> WORK TO BE COMPLETED
Copy each line of the records below, from the first through the one that contains "proof (rule set_eqI)", exactly as written.

Saved entries
------------------------------------------------------------------------
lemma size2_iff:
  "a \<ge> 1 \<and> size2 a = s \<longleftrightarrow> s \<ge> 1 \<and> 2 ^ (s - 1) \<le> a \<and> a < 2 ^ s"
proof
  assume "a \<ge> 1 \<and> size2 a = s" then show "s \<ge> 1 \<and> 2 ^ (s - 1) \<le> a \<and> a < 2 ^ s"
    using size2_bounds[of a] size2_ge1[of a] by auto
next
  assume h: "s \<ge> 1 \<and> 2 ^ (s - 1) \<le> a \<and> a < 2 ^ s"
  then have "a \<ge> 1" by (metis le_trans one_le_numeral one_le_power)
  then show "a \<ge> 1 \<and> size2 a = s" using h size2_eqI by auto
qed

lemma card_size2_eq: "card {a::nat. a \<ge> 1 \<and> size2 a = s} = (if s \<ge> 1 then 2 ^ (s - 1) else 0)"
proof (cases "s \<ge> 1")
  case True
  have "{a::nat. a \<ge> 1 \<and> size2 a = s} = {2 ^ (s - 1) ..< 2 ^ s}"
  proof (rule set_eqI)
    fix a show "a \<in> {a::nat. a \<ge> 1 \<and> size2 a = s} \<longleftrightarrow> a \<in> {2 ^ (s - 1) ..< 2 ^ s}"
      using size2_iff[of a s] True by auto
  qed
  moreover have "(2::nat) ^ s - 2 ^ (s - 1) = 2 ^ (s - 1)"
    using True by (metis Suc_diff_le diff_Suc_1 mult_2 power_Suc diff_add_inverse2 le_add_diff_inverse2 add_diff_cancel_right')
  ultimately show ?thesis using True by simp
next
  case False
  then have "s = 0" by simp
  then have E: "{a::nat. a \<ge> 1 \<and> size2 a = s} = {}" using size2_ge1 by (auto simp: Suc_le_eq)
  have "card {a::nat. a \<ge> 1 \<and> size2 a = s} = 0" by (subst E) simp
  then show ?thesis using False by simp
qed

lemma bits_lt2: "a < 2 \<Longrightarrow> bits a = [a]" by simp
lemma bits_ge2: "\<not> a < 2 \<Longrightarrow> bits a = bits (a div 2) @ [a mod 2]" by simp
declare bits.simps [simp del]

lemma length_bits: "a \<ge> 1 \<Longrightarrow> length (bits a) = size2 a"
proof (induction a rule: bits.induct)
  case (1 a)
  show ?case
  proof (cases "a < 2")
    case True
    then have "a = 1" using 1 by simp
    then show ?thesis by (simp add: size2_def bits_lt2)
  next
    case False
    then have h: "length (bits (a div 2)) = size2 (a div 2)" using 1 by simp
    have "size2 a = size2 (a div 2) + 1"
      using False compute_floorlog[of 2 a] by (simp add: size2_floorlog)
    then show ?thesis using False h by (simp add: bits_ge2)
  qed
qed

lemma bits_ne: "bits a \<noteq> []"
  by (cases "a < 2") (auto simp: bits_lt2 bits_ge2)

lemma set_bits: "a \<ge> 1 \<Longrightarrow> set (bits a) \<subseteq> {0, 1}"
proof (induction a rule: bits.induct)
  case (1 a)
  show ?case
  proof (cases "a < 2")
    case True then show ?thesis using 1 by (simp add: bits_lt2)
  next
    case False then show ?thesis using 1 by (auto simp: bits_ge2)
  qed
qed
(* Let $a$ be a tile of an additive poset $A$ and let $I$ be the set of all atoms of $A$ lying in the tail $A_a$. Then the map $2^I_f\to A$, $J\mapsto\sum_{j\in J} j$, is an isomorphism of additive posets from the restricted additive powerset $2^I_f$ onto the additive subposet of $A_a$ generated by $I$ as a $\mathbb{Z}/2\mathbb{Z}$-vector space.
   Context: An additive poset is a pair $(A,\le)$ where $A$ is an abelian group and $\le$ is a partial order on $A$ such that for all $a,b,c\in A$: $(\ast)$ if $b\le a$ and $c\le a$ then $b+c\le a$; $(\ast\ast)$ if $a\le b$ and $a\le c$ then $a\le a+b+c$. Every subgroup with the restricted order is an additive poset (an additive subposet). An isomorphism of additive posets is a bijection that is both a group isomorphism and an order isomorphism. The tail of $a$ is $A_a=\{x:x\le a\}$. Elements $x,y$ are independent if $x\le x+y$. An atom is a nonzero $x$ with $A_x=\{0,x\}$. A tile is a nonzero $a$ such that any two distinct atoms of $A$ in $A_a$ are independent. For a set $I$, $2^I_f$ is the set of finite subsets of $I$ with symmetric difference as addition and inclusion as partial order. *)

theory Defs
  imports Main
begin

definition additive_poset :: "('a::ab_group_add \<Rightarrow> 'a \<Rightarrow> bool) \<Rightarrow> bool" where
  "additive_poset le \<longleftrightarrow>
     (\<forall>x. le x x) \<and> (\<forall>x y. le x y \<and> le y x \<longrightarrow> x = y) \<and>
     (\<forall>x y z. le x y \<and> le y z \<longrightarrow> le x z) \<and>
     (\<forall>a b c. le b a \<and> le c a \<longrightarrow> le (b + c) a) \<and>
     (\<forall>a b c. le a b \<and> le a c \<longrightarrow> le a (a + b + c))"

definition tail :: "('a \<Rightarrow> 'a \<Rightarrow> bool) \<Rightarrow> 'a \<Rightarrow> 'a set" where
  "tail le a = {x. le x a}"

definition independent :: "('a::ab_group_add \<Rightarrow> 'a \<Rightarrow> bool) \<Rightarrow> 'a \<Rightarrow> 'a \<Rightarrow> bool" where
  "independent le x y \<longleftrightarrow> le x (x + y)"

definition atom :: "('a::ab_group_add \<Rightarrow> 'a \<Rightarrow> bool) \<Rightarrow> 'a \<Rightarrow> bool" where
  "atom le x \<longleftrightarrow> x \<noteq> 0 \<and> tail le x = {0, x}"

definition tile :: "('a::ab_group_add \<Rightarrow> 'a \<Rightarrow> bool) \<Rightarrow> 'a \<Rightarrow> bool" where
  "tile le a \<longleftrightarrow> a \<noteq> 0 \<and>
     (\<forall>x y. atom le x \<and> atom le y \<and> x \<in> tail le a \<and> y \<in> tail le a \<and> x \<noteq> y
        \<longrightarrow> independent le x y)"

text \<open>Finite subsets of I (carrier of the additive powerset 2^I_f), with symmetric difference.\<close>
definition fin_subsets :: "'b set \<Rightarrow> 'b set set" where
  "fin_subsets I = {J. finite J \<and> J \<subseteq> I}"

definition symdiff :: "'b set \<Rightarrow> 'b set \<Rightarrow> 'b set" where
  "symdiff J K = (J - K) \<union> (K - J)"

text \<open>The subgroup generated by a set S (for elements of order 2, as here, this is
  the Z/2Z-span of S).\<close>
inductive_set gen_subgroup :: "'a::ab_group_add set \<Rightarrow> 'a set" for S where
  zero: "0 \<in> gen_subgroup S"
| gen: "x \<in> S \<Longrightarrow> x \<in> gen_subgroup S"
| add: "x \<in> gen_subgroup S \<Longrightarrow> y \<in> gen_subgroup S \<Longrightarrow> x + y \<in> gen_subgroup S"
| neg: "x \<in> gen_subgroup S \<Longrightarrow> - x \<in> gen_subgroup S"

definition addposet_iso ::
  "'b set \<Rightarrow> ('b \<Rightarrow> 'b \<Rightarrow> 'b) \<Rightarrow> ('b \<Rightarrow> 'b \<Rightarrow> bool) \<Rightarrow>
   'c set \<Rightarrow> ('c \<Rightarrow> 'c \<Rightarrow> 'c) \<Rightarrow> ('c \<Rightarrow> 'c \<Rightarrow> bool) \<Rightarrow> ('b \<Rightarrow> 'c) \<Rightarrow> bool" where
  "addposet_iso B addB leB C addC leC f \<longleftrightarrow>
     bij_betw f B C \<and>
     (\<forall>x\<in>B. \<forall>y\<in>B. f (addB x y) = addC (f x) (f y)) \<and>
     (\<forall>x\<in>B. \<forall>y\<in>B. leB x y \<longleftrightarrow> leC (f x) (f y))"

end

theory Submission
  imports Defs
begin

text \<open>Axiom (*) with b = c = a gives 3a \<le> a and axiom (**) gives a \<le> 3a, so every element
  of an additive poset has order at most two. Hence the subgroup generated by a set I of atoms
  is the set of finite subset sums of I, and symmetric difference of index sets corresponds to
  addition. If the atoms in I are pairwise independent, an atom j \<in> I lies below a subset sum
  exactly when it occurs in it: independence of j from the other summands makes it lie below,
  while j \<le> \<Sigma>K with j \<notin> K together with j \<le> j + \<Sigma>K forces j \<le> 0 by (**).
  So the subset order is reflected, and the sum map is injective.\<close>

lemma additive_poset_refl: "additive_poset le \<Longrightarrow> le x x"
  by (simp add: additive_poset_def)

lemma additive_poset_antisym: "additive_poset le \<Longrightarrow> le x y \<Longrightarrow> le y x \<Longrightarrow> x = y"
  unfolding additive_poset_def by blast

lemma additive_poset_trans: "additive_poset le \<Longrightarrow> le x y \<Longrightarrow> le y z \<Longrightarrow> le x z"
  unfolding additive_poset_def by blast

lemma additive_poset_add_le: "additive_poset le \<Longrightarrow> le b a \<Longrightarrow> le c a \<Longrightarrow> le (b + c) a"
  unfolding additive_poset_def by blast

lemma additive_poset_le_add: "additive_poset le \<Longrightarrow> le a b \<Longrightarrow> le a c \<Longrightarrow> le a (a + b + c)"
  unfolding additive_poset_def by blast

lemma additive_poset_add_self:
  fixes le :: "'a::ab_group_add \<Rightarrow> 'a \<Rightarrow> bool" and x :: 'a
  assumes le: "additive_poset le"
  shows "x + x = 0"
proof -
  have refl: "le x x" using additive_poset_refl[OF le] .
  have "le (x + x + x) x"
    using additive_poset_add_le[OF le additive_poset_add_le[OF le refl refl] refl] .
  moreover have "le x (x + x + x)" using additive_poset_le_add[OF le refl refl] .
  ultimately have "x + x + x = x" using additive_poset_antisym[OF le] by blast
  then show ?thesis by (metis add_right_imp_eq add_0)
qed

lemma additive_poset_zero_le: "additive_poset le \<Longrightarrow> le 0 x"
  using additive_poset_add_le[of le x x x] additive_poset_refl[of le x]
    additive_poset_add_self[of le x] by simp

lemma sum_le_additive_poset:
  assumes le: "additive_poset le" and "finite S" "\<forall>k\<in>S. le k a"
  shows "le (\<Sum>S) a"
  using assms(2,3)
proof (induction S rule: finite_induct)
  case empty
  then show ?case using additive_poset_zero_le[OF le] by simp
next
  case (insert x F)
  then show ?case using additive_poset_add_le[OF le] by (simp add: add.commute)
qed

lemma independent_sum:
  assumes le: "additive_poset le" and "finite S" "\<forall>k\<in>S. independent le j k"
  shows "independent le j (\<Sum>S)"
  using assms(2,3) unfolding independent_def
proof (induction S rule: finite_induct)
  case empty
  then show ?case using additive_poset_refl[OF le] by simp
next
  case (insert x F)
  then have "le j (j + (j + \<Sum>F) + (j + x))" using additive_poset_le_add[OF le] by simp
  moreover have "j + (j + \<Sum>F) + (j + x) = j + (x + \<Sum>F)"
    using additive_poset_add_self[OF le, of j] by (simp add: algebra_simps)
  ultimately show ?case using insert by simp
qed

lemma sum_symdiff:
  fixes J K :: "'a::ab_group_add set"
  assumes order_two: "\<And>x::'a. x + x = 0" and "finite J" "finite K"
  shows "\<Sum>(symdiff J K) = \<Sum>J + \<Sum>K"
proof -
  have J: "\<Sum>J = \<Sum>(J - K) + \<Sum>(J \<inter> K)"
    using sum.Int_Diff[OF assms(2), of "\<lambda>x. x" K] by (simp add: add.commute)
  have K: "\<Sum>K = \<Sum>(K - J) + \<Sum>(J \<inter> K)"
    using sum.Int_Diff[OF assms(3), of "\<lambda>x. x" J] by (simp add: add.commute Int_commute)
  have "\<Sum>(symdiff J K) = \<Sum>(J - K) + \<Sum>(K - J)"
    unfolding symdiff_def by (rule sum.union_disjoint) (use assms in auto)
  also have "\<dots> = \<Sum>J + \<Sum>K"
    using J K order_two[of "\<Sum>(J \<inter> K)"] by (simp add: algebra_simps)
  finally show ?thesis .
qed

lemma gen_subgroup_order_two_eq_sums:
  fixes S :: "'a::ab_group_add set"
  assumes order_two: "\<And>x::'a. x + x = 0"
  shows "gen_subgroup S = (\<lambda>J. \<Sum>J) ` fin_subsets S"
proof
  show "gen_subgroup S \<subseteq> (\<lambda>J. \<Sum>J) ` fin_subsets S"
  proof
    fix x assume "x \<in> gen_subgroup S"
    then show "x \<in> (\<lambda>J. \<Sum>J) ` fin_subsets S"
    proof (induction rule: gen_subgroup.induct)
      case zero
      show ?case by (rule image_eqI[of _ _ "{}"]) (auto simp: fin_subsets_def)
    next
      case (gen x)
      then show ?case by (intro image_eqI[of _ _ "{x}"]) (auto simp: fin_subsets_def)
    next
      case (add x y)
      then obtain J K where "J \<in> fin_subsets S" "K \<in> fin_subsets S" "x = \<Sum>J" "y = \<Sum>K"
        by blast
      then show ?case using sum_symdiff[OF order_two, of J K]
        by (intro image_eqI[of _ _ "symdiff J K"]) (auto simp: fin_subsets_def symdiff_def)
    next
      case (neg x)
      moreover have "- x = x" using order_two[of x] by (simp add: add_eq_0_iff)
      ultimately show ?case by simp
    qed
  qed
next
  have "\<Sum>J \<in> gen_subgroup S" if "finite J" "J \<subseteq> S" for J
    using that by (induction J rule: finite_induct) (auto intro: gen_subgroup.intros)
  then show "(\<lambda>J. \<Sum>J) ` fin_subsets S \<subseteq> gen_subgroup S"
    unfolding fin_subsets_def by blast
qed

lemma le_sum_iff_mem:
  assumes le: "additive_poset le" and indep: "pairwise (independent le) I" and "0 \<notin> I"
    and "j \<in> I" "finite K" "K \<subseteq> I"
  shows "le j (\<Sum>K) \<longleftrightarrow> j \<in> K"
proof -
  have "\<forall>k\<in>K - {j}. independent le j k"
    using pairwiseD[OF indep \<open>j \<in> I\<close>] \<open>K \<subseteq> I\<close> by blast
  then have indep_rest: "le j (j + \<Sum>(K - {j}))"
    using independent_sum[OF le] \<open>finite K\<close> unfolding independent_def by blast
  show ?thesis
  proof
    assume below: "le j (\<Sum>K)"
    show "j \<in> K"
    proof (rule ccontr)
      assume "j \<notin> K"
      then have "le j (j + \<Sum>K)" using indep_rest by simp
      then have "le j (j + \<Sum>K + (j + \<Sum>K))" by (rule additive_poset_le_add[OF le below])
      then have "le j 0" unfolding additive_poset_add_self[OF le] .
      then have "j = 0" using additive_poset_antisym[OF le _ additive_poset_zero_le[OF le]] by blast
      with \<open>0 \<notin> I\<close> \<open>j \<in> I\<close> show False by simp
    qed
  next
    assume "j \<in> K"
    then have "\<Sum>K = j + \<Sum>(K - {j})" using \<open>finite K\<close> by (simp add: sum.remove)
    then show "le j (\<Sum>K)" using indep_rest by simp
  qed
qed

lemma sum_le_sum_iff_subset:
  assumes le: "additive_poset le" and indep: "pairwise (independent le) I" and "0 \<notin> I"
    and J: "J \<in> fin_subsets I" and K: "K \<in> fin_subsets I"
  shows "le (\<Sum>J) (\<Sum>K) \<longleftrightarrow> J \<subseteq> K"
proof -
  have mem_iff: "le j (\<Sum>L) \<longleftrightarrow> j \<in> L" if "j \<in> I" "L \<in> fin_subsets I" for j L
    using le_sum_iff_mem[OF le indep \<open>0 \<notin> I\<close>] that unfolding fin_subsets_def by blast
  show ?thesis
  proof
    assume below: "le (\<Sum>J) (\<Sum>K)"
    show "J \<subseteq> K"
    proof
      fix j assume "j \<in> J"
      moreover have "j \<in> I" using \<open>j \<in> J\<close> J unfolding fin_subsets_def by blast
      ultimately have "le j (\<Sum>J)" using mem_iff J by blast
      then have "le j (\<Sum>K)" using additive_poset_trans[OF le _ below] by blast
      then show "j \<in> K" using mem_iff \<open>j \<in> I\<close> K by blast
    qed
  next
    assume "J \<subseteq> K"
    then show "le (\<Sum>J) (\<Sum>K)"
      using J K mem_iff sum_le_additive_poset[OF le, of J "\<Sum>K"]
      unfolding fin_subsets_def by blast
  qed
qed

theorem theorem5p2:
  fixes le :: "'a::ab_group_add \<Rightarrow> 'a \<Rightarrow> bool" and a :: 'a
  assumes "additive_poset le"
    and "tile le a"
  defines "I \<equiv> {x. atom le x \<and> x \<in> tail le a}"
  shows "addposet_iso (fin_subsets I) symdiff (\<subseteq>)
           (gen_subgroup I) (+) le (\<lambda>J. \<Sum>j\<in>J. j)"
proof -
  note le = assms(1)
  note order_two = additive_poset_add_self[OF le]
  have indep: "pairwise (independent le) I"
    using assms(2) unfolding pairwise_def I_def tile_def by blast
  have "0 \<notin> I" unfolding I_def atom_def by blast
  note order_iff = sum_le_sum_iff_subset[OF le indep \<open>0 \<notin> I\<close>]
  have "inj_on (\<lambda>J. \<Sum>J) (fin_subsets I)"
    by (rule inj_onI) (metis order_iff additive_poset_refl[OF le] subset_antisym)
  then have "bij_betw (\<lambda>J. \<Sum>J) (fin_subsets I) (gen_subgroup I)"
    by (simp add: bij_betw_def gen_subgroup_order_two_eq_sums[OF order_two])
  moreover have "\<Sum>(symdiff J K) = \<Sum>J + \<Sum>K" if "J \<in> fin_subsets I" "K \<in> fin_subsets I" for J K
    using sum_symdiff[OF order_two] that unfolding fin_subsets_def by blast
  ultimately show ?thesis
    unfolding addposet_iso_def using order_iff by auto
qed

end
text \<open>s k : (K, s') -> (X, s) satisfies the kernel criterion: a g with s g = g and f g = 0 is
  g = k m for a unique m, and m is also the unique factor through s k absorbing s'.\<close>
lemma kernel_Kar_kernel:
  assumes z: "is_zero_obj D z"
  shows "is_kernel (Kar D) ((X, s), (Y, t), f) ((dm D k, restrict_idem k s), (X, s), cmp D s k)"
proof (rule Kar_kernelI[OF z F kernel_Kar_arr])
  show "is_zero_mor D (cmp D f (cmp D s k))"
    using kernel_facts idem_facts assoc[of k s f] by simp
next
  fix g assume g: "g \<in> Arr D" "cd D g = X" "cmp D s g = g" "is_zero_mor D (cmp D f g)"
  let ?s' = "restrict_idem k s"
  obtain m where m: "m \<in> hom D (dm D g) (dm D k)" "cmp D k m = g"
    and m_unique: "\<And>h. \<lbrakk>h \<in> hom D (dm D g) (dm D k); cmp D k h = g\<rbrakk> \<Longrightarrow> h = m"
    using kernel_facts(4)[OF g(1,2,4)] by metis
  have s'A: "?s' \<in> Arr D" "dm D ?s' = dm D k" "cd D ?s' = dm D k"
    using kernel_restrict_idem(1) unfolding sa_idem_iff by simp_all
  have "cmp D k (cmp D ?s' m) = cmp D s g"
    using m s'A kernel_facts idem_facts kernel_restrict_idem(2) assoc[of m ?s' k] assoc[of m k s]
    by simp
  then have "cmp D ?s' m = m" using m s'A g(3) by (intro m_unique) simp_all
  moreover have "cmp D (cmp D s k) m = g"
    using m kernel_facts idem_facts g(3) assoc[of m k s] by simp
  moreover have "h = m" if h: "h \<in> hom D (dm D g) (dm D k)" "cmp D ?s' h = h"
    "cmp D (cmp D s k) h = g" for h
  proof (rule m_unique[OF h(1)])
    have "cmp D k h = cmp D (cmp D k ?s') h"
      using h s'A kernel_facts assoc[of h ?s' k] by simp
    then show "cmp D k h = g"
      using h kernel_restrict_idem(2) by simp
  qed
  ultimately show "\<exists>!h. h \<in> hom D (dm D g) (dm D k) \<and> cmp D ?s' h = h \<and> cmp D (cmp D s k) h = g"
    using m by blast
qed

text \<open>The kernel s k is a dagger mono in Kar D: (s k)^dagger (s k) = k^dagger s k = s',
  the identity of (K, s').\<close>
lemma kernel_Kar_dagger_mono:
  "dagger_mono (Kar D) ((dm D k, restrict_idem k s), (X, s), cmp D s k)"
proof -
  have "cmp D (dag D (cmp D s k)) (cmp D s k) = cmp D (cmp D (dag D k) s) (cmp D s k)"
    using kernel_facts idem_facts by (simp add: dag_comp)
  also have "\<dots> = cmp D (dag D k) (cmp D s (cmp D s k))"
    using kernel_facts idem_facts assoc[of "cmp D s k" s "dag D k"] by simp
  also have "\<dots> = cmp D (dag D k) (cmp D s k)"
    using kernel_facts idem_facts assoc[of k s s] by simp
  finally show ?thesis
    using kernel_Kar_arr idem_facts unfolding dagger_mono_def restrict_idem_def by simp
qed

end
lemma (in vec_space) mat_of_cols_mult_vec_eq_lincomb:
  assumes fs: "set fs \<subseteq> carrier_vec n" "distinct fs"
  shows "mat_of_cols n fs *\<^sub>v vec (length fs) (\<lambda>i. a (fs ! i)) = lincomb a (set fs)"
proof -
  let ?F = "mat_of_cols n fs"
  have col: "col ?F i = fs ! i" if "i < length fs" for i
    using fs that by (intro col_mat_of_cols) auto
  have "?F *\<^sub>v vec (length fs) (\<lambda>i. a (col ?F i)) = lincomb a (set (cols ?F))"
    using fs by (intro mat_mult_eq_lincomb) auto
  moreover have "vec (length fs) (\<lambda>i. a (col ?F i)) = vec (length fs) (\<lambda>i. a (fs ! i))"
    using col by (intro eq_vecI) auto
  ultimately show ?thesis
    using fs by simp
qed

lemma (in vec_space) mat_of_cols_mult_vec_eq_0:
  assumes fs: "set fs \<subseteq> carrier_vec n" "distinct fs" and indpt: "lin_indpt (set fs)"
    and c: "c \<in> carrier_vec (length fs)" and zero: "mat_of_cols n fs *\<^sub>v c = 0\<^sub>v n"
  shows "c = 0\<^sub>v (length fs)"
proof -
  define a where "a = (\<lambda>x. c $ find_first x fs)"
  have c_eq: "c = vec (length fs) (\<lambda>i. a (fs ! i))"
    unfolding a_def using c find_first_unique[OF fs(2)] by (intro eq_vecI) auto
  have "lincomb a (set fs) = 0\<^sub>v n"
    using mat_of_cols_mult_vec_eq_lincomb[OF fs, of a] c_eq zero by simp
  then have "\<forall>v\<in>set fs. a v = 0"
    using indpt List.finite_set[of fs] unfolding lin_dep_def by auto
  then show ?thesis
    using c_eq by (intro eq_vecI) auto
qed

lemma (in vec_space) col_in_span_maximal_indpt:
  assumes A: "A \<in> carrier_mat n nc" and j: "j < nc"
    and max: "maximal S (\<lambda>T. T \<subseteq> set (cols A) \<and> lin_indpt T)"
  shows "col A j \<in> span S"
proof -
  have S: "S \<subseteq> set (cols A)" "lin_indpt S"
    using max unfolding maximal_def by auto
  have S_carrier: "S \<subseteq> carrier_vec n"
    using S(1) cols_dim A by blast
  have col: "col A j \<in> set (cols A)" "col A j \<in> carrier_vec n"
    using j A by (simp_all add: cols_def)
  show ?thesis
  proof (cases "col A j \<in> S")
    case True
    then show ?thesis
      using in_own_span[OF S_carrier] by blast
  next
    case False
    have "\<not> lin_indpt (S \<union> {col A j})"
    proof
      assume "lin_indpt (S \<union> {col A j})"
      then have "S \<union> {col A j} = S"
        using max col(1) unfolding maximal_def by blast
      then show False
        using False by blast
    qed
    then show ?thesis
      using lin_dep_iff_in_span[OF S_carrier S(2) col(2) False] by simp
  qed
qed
------------------------------------------------------------------------
> OUTPUT OF THE EXERCISE
lemma size2_iff:
  "a \<ge> 1 \<and> size2 a = s \<longleftrightarrow> s \<ge> 1 \<and> 2 ^ (s - 1) \<le> a \<and> a < 2 ^ s"
proof
  assume "a \<ge> 1 \<and> size2 a = s" then show "s \<ge> 1 \<and> 2 ^ (s - 1) \<le> a \<and> a < 2 ^ s"
    using size2_bounds[of a] size2_ge1[of a] by auto
next
  assume h: "s \<ge> 1 \<and> 2 ^ (s - 1) \<le> a \<and> a < 2 ^ s"
  then have "a \<ge> 1" by (metis le_trans one_le_numeral one_le_power)
  then show "a \<ge> 1 \<and> size2 a = s" using h size2_eqI by auto
qed

lemma card_size2_eq: "card {a::nat. a \<ge> 1 \<and> size2 a = s} = (if s \<ge> 1 then 2 ^ (s - 1) else 0)"
proof (cases "s \<ge> 1")
  case True
  have "{a::nat. a \<ge> 1 \<and> size2 a = s} = {2 ^ (s - 1) ..< 2 ^ s}"
  proof (rule set_eqI)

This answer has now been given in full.